Linux is more poised towards System V and BSD's towards BSD4.4, AFAIK.
There's a lot of difference at the core like different kernel, file system, support for hardware, binary types, c library, make system and more.
Two issues that I faced are, flash support is really bad due to adobe not having native flash for BSD's so you have to rely on linux compat for that. Secondly, support for virtualisation is really pathetic.
Things to look out for - FreeBSD jails, zfs support, pf firewall got from OpenBSD.


----------



## vaithy (Mar 30, 2008)

To Day I installed the PC BSD 1.5 in my desktop which has sabayan already installed.. after installation while reboot it 
a option lines appear in the screen   
F!   Linux   
  F2   Linux     
  F3    ?       
F4  PC BSD  when I press F4 I directly go to PC BSD   then when I want to try my other Linux in the system again I rebooted go to boot menu.. this time pressing F1 F2  no reaction  but F4 is working for PC BSD...

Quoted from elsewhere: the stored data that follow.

lemma pairing_residual_neg_imp_not_in_coderiv:
  assumes f: "f \<in> C01" and neg: "pairing \<gamma> (f - proj n f) < 0"
  shows "\<gamma> \<notin> coderiv n f \<nu>"
proof (rule not_in_coderivI)
  define p where "p = proj n f"
  have p: "p \<in> polys n" unfolding p_def by (rule proj_in_polys[OF f])
  define d where "d = f - p"
  have d: "continuous_on {0..1} d" unfolding d_def using f polys_imp_C01[OF p] by (rule continuous_on_C01_diff)
  have "supnorm d \<noteq> 0"
  proof
    assume "supnorm d = 0"
    then have "d = (\<lambda>t. 0)"
      using abs_le_supnorm[OF d] C01_eq_0[OF C01_diff[OF f polys_imp_C01[OF p]]]
      by (fastforce simp: d_def fun_eq_iff)
    then show False using neg by (simp add: d_def p_def pairing_def)
  qed
  then have "supnorm d > 0" using supnorm_nonneg[OF d] by simp
  define c where "c = - pairing \<gamma> d / supnorm d"
  show "c > 0" using neg \<open>supnorm d > 0\<close> by (simp add: c_def d_def p_def divide_neg_pos)
  fix \<delta> :: real assume "\<delta> > 0"
  \<comment> \<open>move \<open>f\<close> a little towards its projection; the projection stays at \<open>p\<close>\<close>
  define s where "s = min (1/2) (\<delta> / (2 * supnorm d))"
  have s: "0 < s" "s < 1" "s * supnorm d < \<delta>"
    using \<open>\<delta> > 0\<close> \<open>supnorm d > 0\<close> by (auto simp: s_def min_def field_simps)
  define g where "g t = (1 - s) * f t + s * p t" for t
  have "(\<lambda>t. s * p t) \<in> polys n" using polys_lincomb[OF p p, of s 0] by simp
  then have "proj n g = (\<lambda>t. (1 - s) * p t + s * p t)"
    unfolding g_def p_def using s(2) by (intro proj_affine[OF f]) simp_all
  then have diffs: "g - f = (\<lambda>t. (- s) * d t)" "proj n g - proj n f = (\<lambda>t. 0 * d t)"
    by (auto simp: g_def d_def p_def algebra_simps)
  have norm: "supnorm (g - f) = s * supnorm d" using supnorm_cmult[OF d, of "- s"] s(1) by (simp add: diffs)
  show "\<exists>g\<in>C01. g \<noteq> f \<and> supnorm (g - f) < \<delta> \<and> c \<le> coderiv_quotient n f \<gamma> \<nu> g"
  proof (intro bexI conjI)
    show "g \<in> C01" unfolding g_def by (rule C01_lincomb[OF f polys_imp_C01[OF p]])
    show "g \<noteq> f" using norm s(1) \<open>supnorm d > 0\<close> by (auto simp: fun_diff_def)
    show "supnorm (g - f) < \<delta>" using norm s(3) by simp
    have "coderiv_quotient n f \<gamma> \<nu> g = c"
      unfolding coderiv_quotient_def norm unfolding diffs pairing_cmult using s(1) \<open>supnorm d > 0\<close>
      by (simp add: c_def)
    then show "c \<le> coderiv_quotient n f \<gamma> \<nu> g" by simp
  qed
qed

theorem theorem5p1:
  fixes n :: nat and f :: "real \<Rightarrow> real" and \<mu> \<gamma> :: smeasure
  assumes "n \<ge> 1" and "f \<in> C01" and "\<mu> \<in> dual01" and "\<gamma> \<in> dual01"
  shows "(total \<mu> \<noteq> total \<gamma> \<longrightarrow>
            \<gamma> \<notin> coderiv n f \<mu> \<and> \<mu> \<notin> coderiv n f \<gamma>)
       \<and> (total \<mu> \<noteq> 0 \<longrightarrow>
            zero_sm \<notin> coderiv n f \<mu> \<and> \<mu> \<notin> coderiv n f zero_sm)
       \<and> (pairing \<gamma> (f - proj n f) < 0 \<longrightarrow>
            (\<forall>\<nu>\<in>dual01. \<gamma> \<notin> coderiv n f \<nu>))"
proof (intro conjI impI)
  assume "total \<mu> \<noteq> total \<gamma>"
  then show "\<gamma> \<notin> coderiv n f \<mu>" "\<mu> \<notin> coderiv n f \<gamma>"
    using total_ne_imp_not_in_coderiv[OF \<open>f \<in> C01\<close>] assms(3,4) by metis+
next
  assume "total \<mu> \<noteq> 0"
  then show "zero_sm \<notin> coderiv n f \<mu>" "\<mu> \<notin> coderiv n f zero_sm"
    using total_ne_imp_not_in_coderiv[OF \<open>f \<in> C01\<close>] zero_sm_in_dual01 total_zero_sm assms(3)
    by metis+
next
  assume "pairing \<gamma> (f - proj n f) < 0"
  then show "\<forall>\<nu>\<in>dual01. \<gamma> \<notin> coderiv n f \<nu>"
    using pairing_residual_neg_imp_not_in_coderiv[OF \<open>f \<in> C01\<close>] by blast
qed

end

If some body tell me how to multiboot with Linux, and BSD I'll be thankful to them

vaithi


----------



## mehulved (Mar 30, 2008)

Install GRUB on your root partition instead of MBR. Or if you want to boot from GRUB, then install GRUB on your MBR and chainload PC-BSD.


----------



## vaithy (Mar 30, 2008)

thanks mehulved!!
chainloaded the PC BSD partition in Sabayan ...Now I can both booted Linux as well as BSD.. This posting is from PC BSD konquerer ...despite its ease of use BSD is still long way to go to naturalise Linux influence on the FOSS supported base..


----------



## Renny (Mar 31, 2008)

I installed FreeBSD 7.0 on my system,

Even after running "xorgconfig" when I type "startx" I get an error saying:-

"Fatal server error
 No screens found".



+



I have installed XP on the primary partition, after installing FreeBSD I get 2 options:-
F1 - DOS
F2 - FreeBSD

But it never loads windows plz help.


----------



## Renny (Apr 4, 2008)

Bump.


----------



## mediator (Apr 4, 2008)

Do u have gnome installed? If not try to install it via the freeBSD Cd => "sysinstall" => install additional packages=>"gnome" !!


----------



## mehulved (Apr 4, 2008)

run xorgconfig to correct X issues


----------



## Renny (Apr 7, 2008)

I'm currently using DesktopBSD since FreeBSD did'nt work at all,

X starts up fine with KDE, but my PS/2 mouse doesnt work even after xorgconfig,

plz help.


----------



## praka123 (Apr 7, 2008)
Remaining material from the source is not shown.